Now he's my student, and the rest of the story has come out. The other evening while I was assembling my new furniture at the office after most people had left, there was a knock on my door. It was John. "Do you want help with that?" he asked. "I spent most of my life doing maintenance type of work, so I'm good at this." Two hours later I thought he probably was very good at fixing pipes and building walls, but he can't read instructions worth a flip. But it gave us time to chat about old times.

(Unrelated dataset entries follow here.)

(* Suppose the user paths $p_1,\dots,p_k$ are pairwise edge-disjoint. Then the set function $A\mapsto\Lambda(A,P)$ on $2^E$ is (1) monotone: $\Lambda(A,P)\le\Lambda(B,P)$ whenever $A\subseteq B\subseteq E$; and (2) submodular: for all $A\subseteq B\subseteq E$ and $e\in E$, $\Lambda(A\cup\{e\},P)-\Lambda(A,P)\ge\Lambda(B\cup\{e\},P)-\Lambda(B,P)$.
   Context: $G=(V,E)$ is a simple directed acyclic graph with capacities $C\in\mathbb{R}_{\ge0}^E$, and $\gamma$ is a budget with $0<\gamma\le\min_eC(e)$. User paths $P=\{p_1,\dots,p_k\}$ are directed paths in $G$ (viewed as edge sets) with initial flow values $\lambda_i\ge0$ such that $\sum_{i:e\in p_i}\lambda_i\le C(e)$ for all $e$. For $A\subseteq E$ let $\tilde C_A(e)=C(e)-\gamma\cdot\mathbf{1}_{\{e\in A\}}$, let $T(A,P)$ be the optimal value of: maximize $\sum_i\tilde\lambda_i$ s.t. $\sum_{i:e\in p_i}\tilde\lambda_i\le\tilde C_A(e)$ for all $e\in E$, $0\le\tilde\lambda_i\le\lambda_i$; and $\Lambda(A,P)=\sum_i\lambda_i-T(A,P)$. *)

theory Defs
  imports "HOL-Analysis.Analysis"
begin

(* A directed graph is given by a finite edge set E of ordered vertex pairs
   (simple: no parallel edges by construction; acyclic via 'acyclic E'). *)

definition is_dpath :: "('v \<times> 'v) set \<Rightarrow> ('v \<times> 'v) set \<Rightarrow> bool" where
  "is_dpath E p \<longleftrightarrow> (\<exists>vs. length vs \<ge> 2 \<and> distinct vs \<and>
      (\<forall>j < length vs - 1. (vs ! j, vs ! Suc j) \<in> E) \<and>
      p = {(vs ! j, vs ! Suc j) | j. j < length vs - 1})"

definition red_cap :: "('v \<times> 'v \<Rightarrow> real) \<Rightarrow> real \<Rightarrow> ('v \<times> 'v) set \<Rightarrow> ('v \<times> 'v) \<Rightarrow> real" where
  "red_cap C \<gamma> A e = C e - \<gamma> * (if e \<in> A then 1 else 0)"

definition feasible_flow ::
  "('v \<times> 'v) set \<Rightarrow> ('v \<times> 'v \<Rightarrow> real) \<Rightarrow> real \<Rightarrow> nat \<Rightarrow> (nat \<Rightarrow> ('v \<times> 'v) set)
    \<Rightarrow> (nat \<Rightarrow> real) \<Rightarrow> ('v \<times> 'v) set \<Rightarrow> (nat \<Rightarrow> real) \<Rightarrow> bool" where
  "feasible_flow E C \<gamma> k p lam A fl \<longleftrightarrow>
     (\<forall>e \<in> E. (\<Sum>i \<in> {i. i < k \<and> e \<in> p i}. fl i) \<le> red_cap C \<gamma> A e) \<and>
     (\<forall>i < k. 0 \<le> fl i \<and> fl i \<le> lam i)"

(* T(A,P): optimal value of the LP (its supremum, which is attained) *)
definition T_val ::
  "('v \<times> 'v) set \<Rightarrow> ('v \<times> 'v \<Rightarrow> real) \<Rightarrow> real \<Rightarrow> nat \<Rightarrow> (nat \<Rightarrow> ('v \<times> 'v) set)
    \<Rightarrow> (nat \<Rightarrow> real) \<Rightarrow> ('v \<times> 'v) set \<Rightarrow> real" where
  "T_val E C \<gamma> k p lam A = Sup {(\<Sum>i<k. fl i) | fl. feasible_flow E C \<gamma> k p lam A fl}"

definition Lambda_val ::
  "('v \<times> 'v) set \<Rightarrow> ('v \<times> 'v \<Rightarrow> real) \<Rightarrow> real \<Rightarrow> nat \<Rightarrow> (nat \<Rightarrow> ('v \<times> 'v) set)
    \<Rightarrow> (nat \<Rightarrow> real) \<Rightarrow> ('v \<times> 'v) set \<Rightarrow> real" where
  "Lambda_val E C \<gamma> k p lam A = (\<Sum>i<k. lam i) - T_val E C \<gamma> k p lam A"

end

theory Submission
  imports Defs
begin

text \<open>Edge-disjointness decouples the linear program: every edge constraint involves at most one
  user, so user \<open>i\<close> can independently keep \<open>min(\<lambda>\<^sub>i, min {C e - \<gamma> | e \<in> p\<^sub>i \<inter> A})\<close>.
  As \<open>\<lambda>\<^sub>i \<le> C e\<close> along \<open>p\<^sub>i\<close>, the loss of user \<open>i\<close> is the maximum of \<open>0\<close> and the weights
  \<open>\<lambda>\<^sub>i - C e + \<gamma>\<close> of the edges in \<open>p\<^sub>i \<inter> A\<close>. Such a maximum is monotone and submodular in \<open>A\<close>,
  because \<open>max a x - x\<close> is antitone in \<open>x\<close>, and so is the sum \<open>\<Lambda>\<close> of these losses.\<close>

definition Max0 :: "('a \<Rightarrow> 'b::linordered_ab_group_add) \<Rightarrow> 'a set \<Rightarrow> 'b" where
  "Max0 w S = Max (insert 0 (w ` S))"

lemma Max0_nonneg: "finite S \<Longrightarrow> 0 \<le> Max0 w S"
  unfolding Max0_def by simp

lemma Max0_ge: "finite S \<Longrightarrow> x \<in> S \<Longrightarrow> w x \<le> Max0 w S"
  unfolding Max0_def by simp

lemma Max0_least: "finite S \<Longrightarrow> 0 \<le> c \<Longrightarrow> (\<And>x. x \<in> S \<Longrightarrow> w x \<le> c) \<Longrightarrow> Max0 w S \<le> c"
  unfolding Max0_def by auto

lemma Max0_mono: "finite T \<Longrightarrow> S \<subseteq> T \<Longrightarrow> Max0 w S \<le> Max0 w T"
  unfolding Max0_def by (rule Max_mono) auto

lemma Max0_insert: "finite S \<Longrightarrow> Max0 w (insert x S) = max (w x) (Max0 w S)"
  unfolding Max0_def using Max_insert[of "insert 0 (w ` S)" "w x"] by (simp add: insert_commute)

lemma Max0_submodular:
  assumes "finite T" and "S \<subseteq> T"
  shows "Max0 w (insert x T) - Max0 w T \<le> Max0 w (insert x S) - Max0 w S"
proof -
  have "Max0 w S \<le> Max0 w T" using assms by (rule Max0_mono)
  moreover have "finite S" using assms finite_subset by blast
  ultimately show ?thesis using assms(1) by (auto simp: Max0_insert max_def algebra_simps)
qed

lemma is_dpath_subset: "is_dpath E p \<Longrightarrow> p \<subseteq> E"
  unfolding is_dpath_def by auto

locale disjoint_paths_network =
  fixes E :: "('v \<times> 'v) set" and C :: "'v \<times> 'v \<Rightarrow> real" and \<gamma> :: real
    and k :: nat and p :: "nat \<Rightarrow> ('v \<times> 'v) set" and lam :: "nat \<Rightarrow> real"
  assumes finite_E: "finite E"
    and cap_nonneg: "e \<in> E \<Longrightarrow> 0 \<le> C e"
    and gamma_le_cap: "e \<in> E \<Longrightarrow> \<gamma> \<le> C e"
    and paths_in_E: "i < k \<Longrightarrow> p i \<subseteq> E"
    and lam_nonneg: "i < k \<Longrightarrow> 0 \<le> lam i"
    and lam_feasible: "e \<in> E \<Longrightarrow> (\<Sum>i \<in> {i. i < k \<and> e \<in> p i}. lam i) \<le> C e"
    and paths_disjoint: "i < k \<Longrightarrow> j < k \<Longrightarrow> i \<noteq> j \<Longrightarrow> p i \<inter> p j = {}"
begin

lemma finite_path: "i < k \<Longrightarrow> finite (p i)"
  using paths_in_E finite_E finite_subset by blast

lemma users_on_path_edge: "i < k \<Longrightarrow> e \<in> p i \<Longrightarrow> {j. j < k \<and> e \<in> p j} = {i}"
  using paths_disjoint by blast

lemma lam_le_cap: "i < k \<Longrightarrow> e \<in> p i \<Longrightarrow> lam i \<le> C e"
  using lam_feasible[of e] users_on_path_edge[of i e] paths_in_E by auto

lemma feasible_flow_le_red_cap:
  "feasible_flow E C \<gamma> k p lam A fl \<Longrightarrow> i < k \<Longrightarrow> e \<in> p i \<Longrightarrow> fl i \<le> red_cap C \<gamma> A e"
  using users_on_path_edge[of i e] paths_in_E unfolding feasible_flow_def by fastforce

definition loss :: "('v \<times> 'v) set \<Rightarrow> nat \<Rightarrow> real" where
  "loss A i = Max0 (\<lambda>e. lam i - (C e - \<gamma>)) (p i \<inter> A)"

lemma loss_nonneg: "i < k \<Longrightarrow> 0 \<le> loss A i"
  unfolding loss_def using finite_path by (simp add: Max0_nonneg)

lemma loss_le_lam: "i < k \<Longrightarrow> loss A i \<le> lam i"
  unfolding loss_def using finite_path paths_in_E gamma_le_cap lam_nonneg
  by (intro Max0_least) force+

lemma feasible_flow_minus_loss: "feasible_flow E C \<gamma> k p lam A (\<lambda>i. lam i - loss A i)"
  unfolding feasible_flow_def
proof (intro conjI ballI allI impI)
  fix e assume "e \<in> E"
  show "(\<Sum>i \<in> {i. i < k \<and> e \<in> p i}. lam i - loss A i) \<le> red_cap C \<gamma> A e"
  proof (cases "\<exists>i<k. e \<in> p i")
    case True
    then obtain i where i: "i < k" "e \<in> p i" by blast
    have "lam i - (C e - \<gamma>) \<le> loss A i" if "e \<in> A"
      unfolding loss_def using that i finite_path by (intro Max0_ge) auto
    then have "lam i - loss A i \<le> red_cap C \<gamma> A e"
      using lam_le_cap[OF i] loss_nonneg[OF i(1), of A] unfolding red_cap_def by auto
    then show ?thesis using users_on_path_edge[OF i] by simp
  next
    case False
    then have no_users: "{i. i < k \<and> e \<in> p i} = {}" by blast
    show ?thesis
      using cap_nonneg[OF \<open>e \<in> E\<close>] gamma_le_cap[OF \<open>e \<in> E\<close>]
      unfolding red_cap_def no_users by simp
  qed
qed (use loss_nonneg loss_le_lam in auto)

lemma feasible_flow_le_lam_minus_loss:
  assumes fl: "feasible_flow E C \<gamma> k p lam A fl" and i: "i < k"
  shows "fl i \<le> lam i - loss A i"
proof -
  have "lam i - (C e - \<gamma>) \<le> lam i - fl i" if "e \<in> p i \<inter> A" for e
    using feasible_flow_le_red_cap[OF fl i, of e] that unfolding red_cap_def by simp
  moreover have "0 \<le> lam i - fl i" using fl i unfolding feasible_flow_def by auto
  ultimately have "loss A i \<le> lam i - fl i"
    unfolding loss_def using finite_path[OF i] by (intro Max0_least) auto
  then show ?thesis by simp
qed

lemma T_val_eq: "T_val E C \<gamma> k p lam A = (\<Sum>i<k. lam i - loss A i)"
  unfolding T_val_def
  using feasible_flow_minus_loss feasible_flow_le_lam_minus_loss
  by (intro cSup_eq_maximum) (auto intro!: sum_mono)

lemma Lambda_val_eq_sum_loss: "Lambda_val E C \<gamma> k p lam A = (\<Sum>i<k. loss A i)"
  unfolding Lambda_val_def T_val_eq by (simp add: sum_subtractf)

lemma Lambda_val_mono:
  "A \<subseteq> B \<Longrightarrow> Lambda_val E C \<gamma> k p lam A \<le> Lambda_val E C \<gamma> k p lam B"
  unfolding Lambda_val_eq_sum_loss loss_def
  using finite_path by (intro sum_mono Max0_mono) auto

lemma loss_submodular:
  assumes "A \<subseteq> B" and "i < k"
  shows "loss (B \<union> {e}) i - loss B i \<le> loss (A \<union> {e}) i - loss A i"
proof (cases "e \<in> p i")
  case True
  then have "p i \<inter> (X \<union> {e}) = insert e (p i \<inter> X)" for X by auto
  then show ?thesis
    unfolding loss_def using assms finite_path[of i] by (auto intro: Max0_submodular)
next
  case False
  then have "p i \<inter> (X \<union> {e}) = p i \<inter> X" for X by auto
  then show ?thesis unfolding loss_def by simp
qed

lemma Lambda_val_submodular:
  assumes "A \<subseteq> B"
  shows "Lambda_val E C \<gamma> k p lam (B \<union> {e}) - Lambda_val E C \<gamma> k p lam B
    \<le> Lambda_val E C \<gamma> k p lam (A \<union> {e}) - Lambda_val E C \<gamma> k p lam A"
  unfolding Lambda_val_eq_sum_loss sum_subtractf[symmetric]
  using loss_submodular[OF assms] by (intro sum_mono) auto

end

theorem lemma1:
  fixes E :: "('v \<times> 'v) set" and C :: "'v \<times> 'v \<Rightarrow> real" and \<gamma> :: real
    and k :: nat and p :: "nat \<Rightarrow> ('v \<times> 'v) set" and lam :: "nat \<Rightarrow> real"
  assumes finE: "finite E"
    and dag: "acyclic E"
    and cap_nonneg: "\<forall>e \<in> E. 0 \<le> C e"
    and gamma_pos: "0 < \<gamma>"
    and gamma_le: "\<forall>e \<in> E. \<gamma> \<le> C e"
    and paths: "\<forall>i < k. is_dpath E (p i)"
    and lam_nonneg: "\<forall>i < k. 0 \<le> lam i"
    and lam_feas: "\<forall>e \<in> E. (\<Sum>i \<in> {i. i < k \<and> e \<in> p i}. lam i) \<le> C e"
    and disjoint: "\<forall>i < k. \<forall>j < k. i \<noteq> j \<longrightarrow> p i \<inter> p j = {}"
  shows "(\<forall>A B. A \<subseteq> B \<and> B \<subseteq> E \<longrightarrow>
            Lambda_val E C \<gamma> k p lam A \<le> Lambda_val E C \<gamma> k p lam B)
       \<and> (\<forall>A B e. A \<subseteq> B \<and> B \<subseteq> E \<and> e \<in> E \<longrightarrow>
            Lambda_val E C \<gamma> k p lam (A \<union> {e}) - Lambda_val E C \<gamma> k p lam A
              \<ge> Lambda_val E C \<gamma> k p lam (B \<union> {e}) - Lambda_val E C \<gamma> k p lam B)"
proof -
  have "p i \<subseteq> E" if "i < k" for i
    using paths that by (simp add: is_dpath_subset)
  then interpret disjoint_paths_network E C \<gamma> k p lam
    using finE cap_nonneg gamma_le lam_nonneg lam_feas disjoint by unfold_locales auto
  show ?thesis using Lambda_val_mono Lambda_val_submodular by auto
qed

end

"You know," he confided, "I think I have a larger than life picture of you in my mind." I laughed out loud and protested. "No," he continued. "You don't understand. See, I always thought that you and Sarah (my roommate) were like..." he paused to find the right words, his forehead furrowed with sincerity, voice hushed. "...like...I thought you two would qualify as Jesus' wife!" Howls of laughter from me. "I thought that since I wasn't a doctor, and so many people around here are, and seem to be fixated on marrying a doctor, that you probably deserved someone at least as good as Olaf. So I never tried." Olaf was the local tall, dark and handsome heart throb whose name was on the lips of every single woman. He was a doctor. He was also a heart breaker and I knew better than ever make a try for him. I just didn't trust him to be there at the end of his approach-avoidance dance.
John asked me why I hadn't gotten married until I was in my mid-forties. "I never got over being crushed when I was in my early 20s." I told him briefly that a fiance had called everything off one month before our wedding by telling me that I wasn't educated enough, attractive enough, intelligent enough, sophisticated enough, and that my life goals were inadequate somehow. "I'll never forgive myself if I marry you because you'll hold me back from my career and my life." I believed him, sad to say, and I gave up because I thought if anyone would know, it would be him. John was visibly irritated when I mentioned this. "None of it was true," he intoned, looking kindly at me.

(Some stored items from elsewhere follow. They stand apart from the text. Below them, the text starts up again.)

(* Let $X$ be an infinite-dimensional real normed space. There exists a $1$-Lipschitz approximately convex function $f:X\to\mathbb{R}$ with the following property: for every $M>0$ there exists $R>0$ such that for every convex function $g:B_R(X)\to\mathbb{R}$, $$\sup_{x\in B_R(X)}|f(x)-g(x)|>M.$$ In particular $\sup_{x\in X}|f(x)-g(x)|=\infty$ for every convex $g:X\to\mathbb{R}$.
   Context: A function $f$ on a convex set $C$ is approximately convex if $f(tx+(1-t)y)\le tf(x)+(1-t)f(y)+1$ for all $x,y\in C$, $t\in[0,1]$. $B_R(X)=\{x\in X:\|x\|\le R\}$. *)

theory Defs
  imports "HOL-Analysis.Analysis"
begin

definition approx_convex_on :: "'a::real_vector set \<Rightarrow> ('a \<Rightarrow> real) \<Rightarrow> bool" where
  "approx_convex_on C f \<longleftrightarrow>
     (\<forall>x\<in>C. \<forall>y\<in>C. \<forall>t::real. 0 \<le> t \<and> t \<le> 1 \<longrightarrow>
        f (t *\<^sub>R x + (1 - t) *\<^sub>R y) \<le> t * f x + (1 - t) * f y + 1)"

definition infinite_dimensional :: "'a::real_vector itself \<Rightarrow> bool" where
  "infinite_dimensional (_::'a itself) \<longleftrightarrow> \<not> (\<exists>B::'a set. finite B \<and> span B = UNIV)"

end

theory Submission
  imports Defs
begin
lemma sum_tridiagonal_row:
  assumes "banded N 1 A" and i: "1 \<le> i" "i \<le> N"
  shows "(\<Sum>l = 1..N. A i l * f l) =
    (if 1 < i then A i (i - 1) * f (i - 1) else 0) + A i i * f i +
    (if i < N then A i (i + 1) * f (i + 1) else 0)"
proof -
  define L R where "L = {l \<in> {1..N}. l + 1 = i}" and "R = {l \<in> {1..N}. l = i + 1}"
  have L: "L = (if 1 < i then {i - 1} else {})" and R: "R = (if i < N then {i + 1} else {})"
    using i unfolding L_def R_def by auto
  have "(\<Sum>l = 1..N. A i l * f l) = (\<Sum>l \<in> L \<union> {i} \<union> R. A i l * f l)"
  proof (intro sum.mono_neutral_right ballI)
    fix l assume "l \<in> {1..N} - (L \<union> {i} \<union> R)"
    with assms show "A i l * f l = 0"
      unfolding banded_def L_def R_def by (cases "l < i") auto
  qed (use i in \<open>auto simp: L_def R_def\<close>)
  also have "\<dots> = (\<Sum>l\<in>L. A i l * f l) + A i i * f i + (\<Sum>l\<in>R. A i l * f l)"
  proof -
    have "finite L" "finite R" "L \<inter> {i} = {}" "(L \<union> {i}) \<inter> R = {}"
      unfolding L_def R_def by auto
    then show ?thesis by (simp add: sum.union_disjoint)
  qed
  finally show ?thesis
    unfolding L R by simp
qed

lemma mat_pow_Suc_tridiagonal:
  assumes "banded N 1 A" and "i \<in> {1..N}"
  shows "mat_pow N A (Suc k) i j =
    (if 1 < i then A i (i - 1) * mat_pow N A k (i - 1) j else 0) + A i i * mat_pow N A k i j +
    (if i < N then A i (i + 1) * mat_pow N A k (i + 1) j else 0)"
  unfolding mat_pow.simps mat_mult_def using assms by (intro sum_tridiagonal_row) auto

lemma mat_pow_two_tridiagonal:
  assumes "banded N 1 A" and "i \<in> {1..N}" and "j \<in> {1..N}"
  shows "mat_pow N A 2 i j =
    (if 1 < i then A i (i - 1) * A (i - 1) j else 0) + A i i * A i j +
    (if i < N then A i (i + 1) * A (i + 1) j else 0)"
  unfolding numeral_2_eq_2 mat_pow_Suc_tridiagonal[OF assms(1,2), of "Suc 0" j] mat_pow_one[OF assms(3)] ..

lemma mat_pow_three_tridiagonal:
  assumes "banded N 1 A" and "i \<in> {1..N}"
  shows "mat_pow N A 3 i j =
    (if 1 < i then A i (i - 1) * mat_pow N A 2 (i - 1) j else 0) + A i i * mat_pow N A 2 i j +
    (if i < N then A i (i + 1) * mat_pow N A 2 (i + 1) j else 0)"
  unfolding numeral_3_eq_3 numeral_2_eq_2 mat_pow_Suc_tridiagonal[OF assms, of "Suc (Suc 0)" j] ..

section \<open>Quadratic forms\<close>

definition quad_form :: "nat \<Rightarrow> (nat \<Rightarrow> nat \<Rightarrow> real) \<Rightarrow> (nat \<Rightarrow> real) \<Rightarrow> real" where
  "quad_form N X x = (\<Sum>i = 1..N. \<Sum>j = 1..N. x i * X i j * x j)"

lemma quad_form_add: "quad_form N (\<lambda>i j. A i j + B i j) x = quad_form N A x + quad_form N B x"
  unfolding quad_form_def by (simp add: distrib_left distrib_right sum.distrib)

I hadn't meant to say anything about my personal history to John. He's my student, after all, and I am very happily married to Sam. But John was there before Sam and he understood because he had been single for so long, too. I didn't tell him that my fiance had been seeing another woman who had told him, "Why are you settling for hamburger when you can have prime rib?" So I started spending time with another man after I finally felt that I could at least be out in public without feeling ashamed of myself. After two years of hoping for a romantic relationship to form, this new guy let me know that Ms. Primb Rib and he were dating. Of all the irony. And I was good enough to be Jesus' wife. I wish I'd known then.
We got my desk assembled by 10:15. He'd called his wife to warn her that he'd be home late, and I called Sam to say that I'd get home in a few minutes. When John drove off, and I got in my car with a wave and a chuckle. Jesus' wife. Hmmmm.
What I remember about those years is that I fel absolutely horrible about myself. I felt angst about how I looked (even though I was rather attractive for many of those years) and felt defined by the fact that I didn't own a home or have money; that as an older adult student I was a late bloomer. Than no man would want to date a doctor. That I'd been rejected by so many men for so many years that I'd just given up. My light had gone out inside. And this guy was there all the time, thinking I'd be better than anyone he should aim for.
Someone once told me that being shy is really a form of narcissism. I think that not feeling good about oneself is, too. Because all the focus is on what one is not, or what one needs but doesn't feel one has. The emotional energy is consumed with questions like, "Do I look okay in this?" "Is anyone going to talk with me?" "What am I supposed to say?" "I hope I don't say something awful." "Why do I always have to be alone."
Jesus' wife. There are many people who walk around without knowing that others esteem them highly or admire them for something they say or do. Just saying the words to them can make them walk taller. I have, this week.
1 comment:
Ooo. Thanks for this post. I really needed it today. (I'll tell you later.)